All would be well, but these older segments may be placed on any hosts. What can it lead to? An unbalanced cluster (Fig. 4.).
As a result, 3 primary segments remain on sdw1
, 3 mirror segments on sdw3
, and two groups of 3 segments on sdw2
. Doesn’t look very balanced, does it? The sdw3
host is only open to WAL-writes from sdw2
.
In that case, the DBA would have to manually balance such a cluster. I doubt those who manage large clusters would be happy about it.
To generalize the task of increasing or reducing the number of segments in such a way, that the main process would be to rebalance the target segment set on the required number of hosts. This opens the following opportunities:
Reducing the number of segments without changing the number of hosts, for example, if an administrator decided to allocate the hardware to some other tasks, but changing the number of segments wasn’t required.
Reducing both the number of segments and hosts. For example, to free up some hosts and allocate them to another cluster.

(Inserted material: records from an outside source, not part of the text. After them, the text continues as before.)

(* Let $F$ be a smoothed envelope distribution in $\mathrm{MDA}(\gamma)$ with $\gamma\ge0$ and unbounded support, let $G$ be a distribution on $\mathbb N_+$ with $\overline G\le\overline F$, let $X\sim G$, and for $u\ge1$ define $$\Sigma(u)=\mathbb E\big[\mathbb I\{X>u\}\log(1+X-u)\big].$$ Then for every $\epsilon>0$ there exists $t_0$ (depending on $\epsilon$ and $F$) such that for all $t>t_0$ and all $u\ge 1$, $$\Sigma(u)\le \overline G(u)\log t+\Big(\frac{\gamma}{\ln 2}+\epsilon\Big)\overline F(t).$$
   Context: $\log$ is base 2 and $\ln$ is natural log. A smoothed envelope distribution is a c.d.f. $F$ on $\mathbb R_+$ with continuous derivative; $\overline F=1-F$, $\overline G=1-G$, $U(t)=\overline F^{-1}(1/t)$, and $F\in\mathrm{MDA}(\gamma)$ means there exist $A_n>0$ with $F^n(A_nx+U(n))\to\exp(-(1+\gamma x)^{-1/\gamma})$ (interpreted as $\exp(-e^{-x})$ when $\gamma=0$) for all $x$ with $1+\gamma x>0$. ($\overline G\le\overline F$ holds when $G$ is the marginal of a source in the envelope class defined by $F$.) *)

theory Defs
  imports "HOL-Probability.Probability"
begin

definition smoothed_envelope :: "(real \<Rightarrow> real) \<Rightarrow> bool" where
  "smoothed_envelope F \<longleftrightarrow>
     mono F \<and> (\<forall>x<0. F x = 0) \<and> (F \<longlongrightarrow> 1) at_top \<and> continuous_on UNIV F \<and>
     (\<exists>f. continuous_on {0<..} f \<and> (\<forall>x>0. (F has_real_derivative f x) (at x)))"

definition tailinv :: "(real \<Rightarrow> real) \<Rightarrow> real \<Rightarrow> real" where
  "tailinv F t = Inf {x. F x \<ge> 1 - 1 / t}"

definition gev :: "real \<Rightarrow> real \<Rightarrow> real" where
  "gev \<gamma> x = (if \<gamma> = 0 then exp (- exp (- x)) else exp (- ((1 + \<gamma> * x) powr (- 1 / \<gamma>))))"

Rebalancing in the same configuration in terms of the number of segments and hosts, i.e. balancing a configuration that for some reason wasn’t balanced, taking into account the mirroring strategy.

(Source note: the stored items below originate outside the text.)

lemma measurable_extend_kernel:
  "extend_kernel k \<in> Sn k \<Otimes>\<^sub>M Mh \<rightarrow>\<^sub>M prob_algebra (Sn (Suc k) \<Otimes>\<^sub>M Mh)"
proof -
  have eq: "extend_kernel k
      = (\<lambda>x. distr (kappa (snd x)) (Sn (Suc k) \<Otimes>\<^sub>M Mh) (\<lambda>p. ((fst x)(k := snd p), fst p)))"
    by (auto simp: fun_eq_iff split_beta')
  have "(\<lambda>x. kappa (snd x)) \<in> Sn k \<Otimes>\<^sub>M Mh \<rightarrow>\<^sub>M prob_algebra (Mh \<Otimes>\<^sub>M Ms)"
    by measurable
  then show ?thesis
    unfolding eq by (rule measurable_distr_prob_space2[OF _ measurable_extend_sequence])
qed

lemma joint_law_in_prob_algebra:
  "y \<in> space My \<Longrightarrow> joint k y \<in> space (prob_algebra (Sn k \<Otimes>\<^sub>M Mh))"
proof (induction k)
  case 0
  have "(\<lambda>_. undefined) \<in> space (Sn 0)"
    by (simp add: space_PiM PiE_def extensional_def)
  then have "(\<lambda>h. (\<lambda>_. undefined, h)) \<in> psiH y \<rightarrow>\<^sub>M Sn 0 \<Otimes>\<^sub>M Mh"
    using prob_space_sets_psiH[OF 0] by (simp cong: measurable_cong_sets)
  then have "prob_space (joint 0 y)"
    using prob_space_sets_psiH[OF 0] by (simp add: prob_space.prob_space_distr)
  then show ?case by (simp add: space_prob_algebra)
next
  case (Suc k)
  show ?case
    using prob_space_bind'[OF Suc.IH[OF Suc.prems] measurable_extend_kernel]
      sets_bind'[OF Suc.IH[OF Suc.prems] measurable_extend_kernel]
    by (simp add: space_prob_algebra)
qed

lemma sets_joint_law: "y \<in> space My \<Longrightarrow> sets (joint k y) = sets (Sn k \<Otimes>\<^sub>M Mh)"
  using joint_law_in_prob_algebra[of y k] by (simp add: space_prob_algebra)

lemma space_marginal_law: "space (marginal k y) = space (Sn k)"
  by (simp add: marginal_law_def)

lemma nn_integral_joint_law_Suc:
  assumes y: "y \<in> space My"
    and IH: "\<And>g. g \<in> borel_measurable (Sn k \<Otimes>\<^sub>M Mh) \<Longrightarrow>
       (\<integral>\<^sup>+ x. g x \<partial>joint k y) = (\<integral>\<^sup>+ s. \<integral>\<^sup>+ h. g (s, h) \<partial>psiH (iter_update f y s k) \<partial>marginal k y)"
    and g: "g \<in> borel_measurable (Sn (Suc k) \<Otimes>\<^sub>M Mh)"
  shows "(\<integral>\<^sup>+ x. g x \<partial>joint (Suc k) y) =
    (\<integral>\<^sup>+ s. \<integral>\<^sup>+ s'. \<integral>\<^sup>+ h. g (s(k := s'), h) \<partial>psiH (f (iter_update f y s k, s'))
       \<partial>psi_S Ms psiH kappa (iter_update f y s k) \<partial>marginal k y)"
proof -
  let ?G = "\<lambda>x. \<integral>\<^sup>+ p. g ((fst x)(k := snd p), fst p) \<partial>kappa (snd x)"
  have K: "extend_kernel k \<in> joint k y \<rightarrow>\<^sub>M subprob_algebra (Sn (Suc k) \<Otimes>\<^sub>M Mh)"
    using measurable_prob_algebraD[OF measurable_extend_kernel] sets_joint_law[OF y]
    by (simp cong: measurable_cong_sets)
  have "(\<integral>\<^sup>+ x. g x \<partial>joint (Suc k) y) = (\<integral>\<^sup>+ z. \<integral>\<^sup>+ x. g x \<partial>extend_kernel k z \<partial>joint k y)"
    using nn_integral_bind[OF g K] by simp
  also have "\<dots> = (\<integral>\<^sup>+ z. ?G z \<partial>joint k y)"
  proof (rule nn_integral_cong)
    fix z assume "z \<in> space (joint k y)"
    then obtain ss h where z: "z = (ss, h)" and ss: "ss \<in> space (Sn k)" and h: "h \<in> space Mh"
      using sets_eq_imp_space_eq[OF sets_joint_law[OF y]] by (cases z) (auto simp: space_pair_measure)
    have "(\<lambda>p. (ss(k := snd p), fst p)) \<in> kappa h \<rightarrow>\<^sub>M Sn (Suc k) \<Otimes>\<^sub>M Mh"
      using measurable_extend_fixed_sequence[OF ss] prob_space_sets_kappa[OF h]
      by (simp cong: measurable_cong_sets)
    from nn_integral_distr[OF this] show "(\<integral>\<^sup>+ x. g x \<partial>extend_kernel k z) = ?G z"
      unfolding z using g by (simp add: case_prod_beta')
  qed
  also have "\<dots> = (\<integral>\<^sup>+ s. \<integral>\<^sup>+ h. ?G (s, h) \<partial>psiH (iter_update f y s k) \<partial>marginal k y)"
  proof (rule IH)
    have "(\<lambda>(x, p). g ((fst x)(k := snd p), fst p))
        \<in> borel_measurable ((Sn k \<Otimes>\<^sub>M Mh) \<Otimes>\<^sub>M (Mh \<Otimes>\<^sub>M Ms))"
      using measurable_compose[OF measurable_extend_sequence g] by (simp add: split_beta')
    moreover have "(\<lambda>x. kappa (snd x)) \<in> Sn k \<Otimes>\<^sub>M Mh \<rightarrow>\<^sub>M subprob_algebra (Mh \<Otimes>\<^sub>M Ms)"
      by (intro measurable_prob_algebraD) measurable
    ultimately show "?G \<in> borel_measurable (Sn k \<Otimes>\<^sub>M Mh)"
      by (rule nn_integral_measurable_subprob_algebra2)
  qed
  also have "\<dots> = (\<integral>\<^sup>+ s. \<integral>\<^sup>+ s'. \<integral>\<^sup>+ h. g (s(k := s'), h) \<partial>psiH (f (iter_update f y s k, s'))
       \<partial>psi_S Ms psiH kappa (iter_update f y s k) \<partial>marginal k y)"
  proof (rule nn_integral_cong)
    fix s assume "s \<in> space (marginal k y)"
    then have s: "s \<in> space (Sn k)" by (simp add: space_marginal_law)
    let ?y = "iter_update f y s k"
    have y': "?y \<in> space My" by (rule iter_update_in_space[OF y s])
    have gs: "(\<lambda>p. g (s(k := snd p), fst p)) \<in> borel_measurable (Mh \<Otimes>\<^sub>M Ms)"
      using measurable_compose[OF measurable_extend_fixed_sequence[OF s] g] by simp
    show "(\<integral>\<^sup>+ h. ?G (s, h) \<partial>psiH ?y)
      = (\<integral>\<^sup>+ s'. \<integral>\<^sup>+ h. g (s(k := s'), h) \<partial>psiH (f (?y, s')) \<partial>psi_S Ms psiH kappa ?y)"
      using nn_integral_psiH_kappa[OF y' gs] by simp
  qed
  finally show ?thesis .
qed

lemma nn_integral_joint_law_0:
  assumes y: "y \<in> space My" and g: "g \<in> borel_measurable (Sn 0 \<Otimes>\<^sub>M Mh)"
  shows "(\<integral>\<^sup>+ x. g x \<partial>joint 0 y) = (\<integral>\<^sup>+ s. \<integral>\<^sup>+ h. g (s, h) \<partial>psiH (iter_update f y s 0) \<partial>marginal 0 y)"
proof -
  let ?u = "\<lambda>_::nat. undefined :: 's"
  interpret prob_space "psiH y"
    using prob_space_sets_psiH[OF y] by simp
  have u: "?u \<in> space (Sn 0)"
    by (simp add: space_PiM PiE_def extensional_def)
  have pair: "(\<lambda>h. (?u, h)) \<in> psiH y \<rightarrow>\<^sub>M Sn 0 \<Otimes>\<^sub>M Mh"
    using u prob_space_sets_psiH[OF y] by (simp cong: measurable_cong_sets)
  have const: "(\<lambda>h. ?u) \<in> psiH y \<rightarrow>\<^sub>M Sn 0"
    using u prob_space_sets_psiH[OF y] by (simp cong: measurable_cong_sets)
  have marginal: "marginal 0 y = distr (psiH y) (Sn 0) (\<lambda>h. ?u)"
    unfolding marginal_law_def joint_law.simps
    using distr_distr[OF measurable_fst pair] by (simp add: comp_def)
  have "(\<lambda>s. \<integral>\<^sup>+ h. g (s, h) \<partial>psiH y) \<in> borel_measurable (Sn 0)"
    using g measurable_prob_algebraD[OF measurable_psiH] y
    by (intro nn_integral_measurable_subprob_algebra2[where f="\<lambda>s h. g (s, h)"]) auto
  then have "(\<integral>\<^sup>+ s. \<integral>\<^sup>+ h. g (s, h) \<partial>psiH (iter_update f y s 0) \<partial>marginal 0 y)
      = (\<integral>\<^sup>+ h'. \<integral>\<^sup>+ h. g (?u, h) \<partial>psiH y \<partial>psiH y)"
    unfolding marginal using nn_integral_distr[OF const] by simp
  also have "\<dots> = (\<integral>\<^sup>+ x. g x \<partial>joint 0 y)"
    using nn_integral_distr[OF pair] g by (simp add: emeasure_space_1)
  finally show ?thesis ..
qed

lemma nn_integral_joint_law:
  assumes y: "y \<in> space My"
  shows "g \<in> borel_measurable (Sn k \<Otimes>\<^sub>M Mh) \<Longrightarrow>
    (\<integral>\<^sup>+ x. g x \<partial>joint k y) = (\<integral>\<^sup>+ s. \<integral>\<^sup>+ h. g (s, h) \<partial>psiH (iter_update f y s k) \<partial>marginal k y)"
proof (induction k arbitrary: g)
  case 0
  then show ?case by (rule nn_integral_joint_law_0[OF y])
next
  case (Suc k)
  \<comment> \<open>Writing the right-hand side as an integral of \<open>\<Phi> \<circ> fst\<close> against the joint law, both sides
    reduce to the same iterated integral, because \<open>f^(k+1)(y, s(k := s')) = f(f^k(y, s), s')\<close>.\<close>
  let ?\<Phi> = "\<lambda>t. \<integral>\<^sup>+ h. g (t, h) \<partial>psiH (iter_update f y t (Suc k))"
  have "(\<lambda>t. psiH (iter_update f y t (Suc k))) \<in> Sn (Suc k) \<rightarrow>\<^sub>M subprob_algebra Mh"
    using measurable_compose[OF measurable_iter_update[OF measurable_f y, of "Suc k" "Suc k"]
        measurable_prob_algebraD[OF measurable_psiH]] by simp
  then have \<Phi>: "?\<Phi> \<in> borel_measurable (Sn (Suc k))"
    using Suc.prems by (intro nn_integral_measurable_subprob_algebra2[where f="\<lambda>t h. g (t, h)"]) auto
  have fst: "fst \<in> joint (Suc k) y \<rightarrow>\<^sub>M Sn (Suc k)"
    by (subst measurable_cong_sets[OF sets_joint_law[OF y] refl]) simp
  have "(\<integral>\<^sup>+ t. ?\<Phi> t \<partial>marginal (Suc k) y) = (\<integral>\<^sup>+ x. ?\<Phi> (fst x) \<partial>joint (Suc k) y)"
    unfolding marginal_law_def using nn_integral_distr[OF fst] \<Phi> by simp
  also have "\<dots> = (\<integral>\<^sup>+ s. \<integral>\<^sup>+ s'. \<integral>\<^sup>+ h. ?\<Phi> (s(k := s')) \<partial>psiH (f (iter_update f y s k, s'))
       \<partial>psi_S Ms psiH kappa (iter_update f y s k) \<partial>marginal k y)"
    using nn_integral_joint_law_Suc[OF y Suc.IH, of "\<lambda>x. ?\<Phi> (fst x)"] \<Phi> by simp
  also have "\<dots> = (\<integral>\<^sup>+ s. \<integral>\<^sup>+ s'. \<integral>\<^sup>+ h. g (s(k := s'), h) \<partial>psiH (f (iter_update f y s k, s'))
       \<partial>psi_S Ms psiH kappa (iter_update f y s k) \<partial>marginal k y)"
  proof (rule nn_integral_cong)
    fix s assume "s \<in> space (marginal k y)"
    then have y': "iter_update f y s k \<in> space My"
      using iter_update_in_space[OF y] by (simp add: space_marginal_law)
    show "(\<integral>\<^sup>+ s'. \<integral>\<^sup>+ h. ?\<Phi> (s(k := s')) \<partial>psiH (f (iter_update f y s k, s'))
        \<partial>psi_S Ms psiH kappa (iter_update f y s k))
      = (\<integral>\<^sup>+ s'. \<integral>\<^sup>+ h. g (s(k := s'), h) \<partial>psiH (f (iter_update f y s k, s'))
        \<partial>psi_S Ms psiH kappa (iter_update f y s k))"
    proof (rule nn_integral_cong)
      fix s' assume "s' \<in> space (psi_S Ms psiH kappa (iter_update f y s k))"
      then have "f (iter_update f y s k, s') \<in> space My"
        using f_in_space[OF y'] prob_space_sets_psi_S[OF y'] sets_eq_imp_space_eq by blast
      then interpret prob_space "psiH (f (iter_update f y s k, s'))"
        using prob_space_sets_psiH by simp
      show "(\<integral>\<^sup>+ h. ?\<Phi> (s(k := s')) \<partial>psiH (f (iter_update f y s k, s')))
        = (\<integral>\<^sup>+ h. g (s(k := s'), h) \<partial>psiH (f (iter_update f y s k, s')))"
        by (simp add: iter_update_fun_upd emeasure_space_1)
    qed
  qed
  also have "\<dots> = (\<integral>\<^sup>+ x. g x \<partial>joint (Suc k) y)"
    using nn_integral_joint_law_Suc[OF y Suc.IH Suc.prems] by simp
  finally show ?case by simp
qed

lemma emeasure_joint_law_times:
  assumes y: "y \<in> space My" and A: "A \<in> sets (Sn k)" and C: "C \<in> sets Mh"
  shows "emeasure (joint k y) (A \<times> C)
    = (\<integral>\<^sup>+ s \<in> A. emeasure (psiH (iter_update f y s k)) C \<partial>marginal k y)"
proof -
  have AC: "A \<times> C \<in> sets (Sn k \<Otimes>\<^sub>M Mh)"
    using A C by simp
  have "emeasure (joint k y) (A \<times> C) = (\<integral>\<^sup>+ x. indicator (A \<times> C) x \<partial>joint k y)"
    using AC sets_joint_law[OF y] by simp
  also have "\<dots> = (\<integral>\<^sup>+ s. \<integral>\<^sup>+ h. indicator (A \<times> C) (s, h) \<partial>psiH (iter_update f y s k) \<partial>marginal k y)"
    using AC by (intro nn_integral_joint_law[OF y]) simp
  also have "\<dots> = (\<integral>\<^sup>+ s \<in> A. emeasure (psiH (iter_update f y s k)) C \<partial>marginal k y)"
  proof (rule nn_integral_cong)
    fix s assume "s \<in> space (marginal k y)"
    then have "C \<in> sets (psiH (iter_update f y s k))"
      using prob_space_sets_psiH[OF iter_update_in_space[OF y]] C by (simp add: space_marginal_law)
    then have "(\<integral>\<^sup>+ h. indicator A s * indicator C h \<partial>psiH (iter_update f y s k))
        = indicator A s * emeasure (psiH (iter_update f y s k)) C"
      by (rule nn_integral_cmult_indicator)
    then show "(\<integral>\<^sup>+ h. indicator (A \<times> C) (s, h) \<partial>psiH (iter_update f y s k))
        = emeasure (psiH (iter_update f y s k)) C * indicator A s"
      by (simp add: indicator_times mult.commute)
  qed
  finally show ?thesis .
qed

end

Make the user’s life easier by giving him one utility that would solve a complex task of scaling a cluster, particularly, replacing gpexpand
.
For those users that for some reason would want to use the current utilities, gpexpand
and it’s "antipode" ggshrink
can be considered as wrappers on top of the general solution of gprebalance
. Technically they would use gprebalance
.
There’s also a couple of important possible improvements.
A possible option to optimize the table redistribution step with "jump consistent redistribution" while reducing the number of segments is to reject the CREATE TABLE AS SELECT
approach and consider the INSERT SELECT
implementation of the data movement from source segments. Indeed, since the older segments get decommissioned (which means the rows on the current segments will remain as is), we can get a presumably significant time advantage by redistributing only the subsets of the older segment data without fully recreating a table. I think that as the work on this subtask moves on, we will share with you the results of some comparative performance tests.
The second point we wanted to highlight is that during the segment movement, a replica is turned off almost immediately and might be unavailable for a long time. It’s not a huge problem for a single segment recovery or movement, but, for the task of a full and potentially large-scale cluster rebalancing, it might be critical. We are also working in that direction.
As a conclusion, I’d like to list several theses that can be considered the main requirements for the utility that we call gprebalance
for now:
The utility should provide the ability to balance a cluster.
The group
and spread
mirroring configurations should be supported.
Ideally, the utility should support balancing the mount points for the data directories. Otherwise, a user may get surprised that all segments with a specific mount point have grouped on the same node.
The utility should support rebalancing for a given list of hosts.
The utility should support modeling all actions "in memory" without really moving the data (dry run).
The utility should have the ability to present a segment movement plan as a list of movement actions between nodes.
The utility should support rolling back the changes done to a cluster.
The utility should support executing the movement operations either within a given time interval, or within a given duration.
Should the need to switch the primary role to mirror and back arise, the utility (on it’s own or through some other utilities) should be able to do it automatically, alternatively it should pause and ask for an explicit confirmation from a user that it’s allowed to switch roles.
The utility should minimize mirror’s downtime during the segment movement operation.
The utility should support displaying the information about the rebalancing progress.
The utility should handle possible segment failover and node failure situations.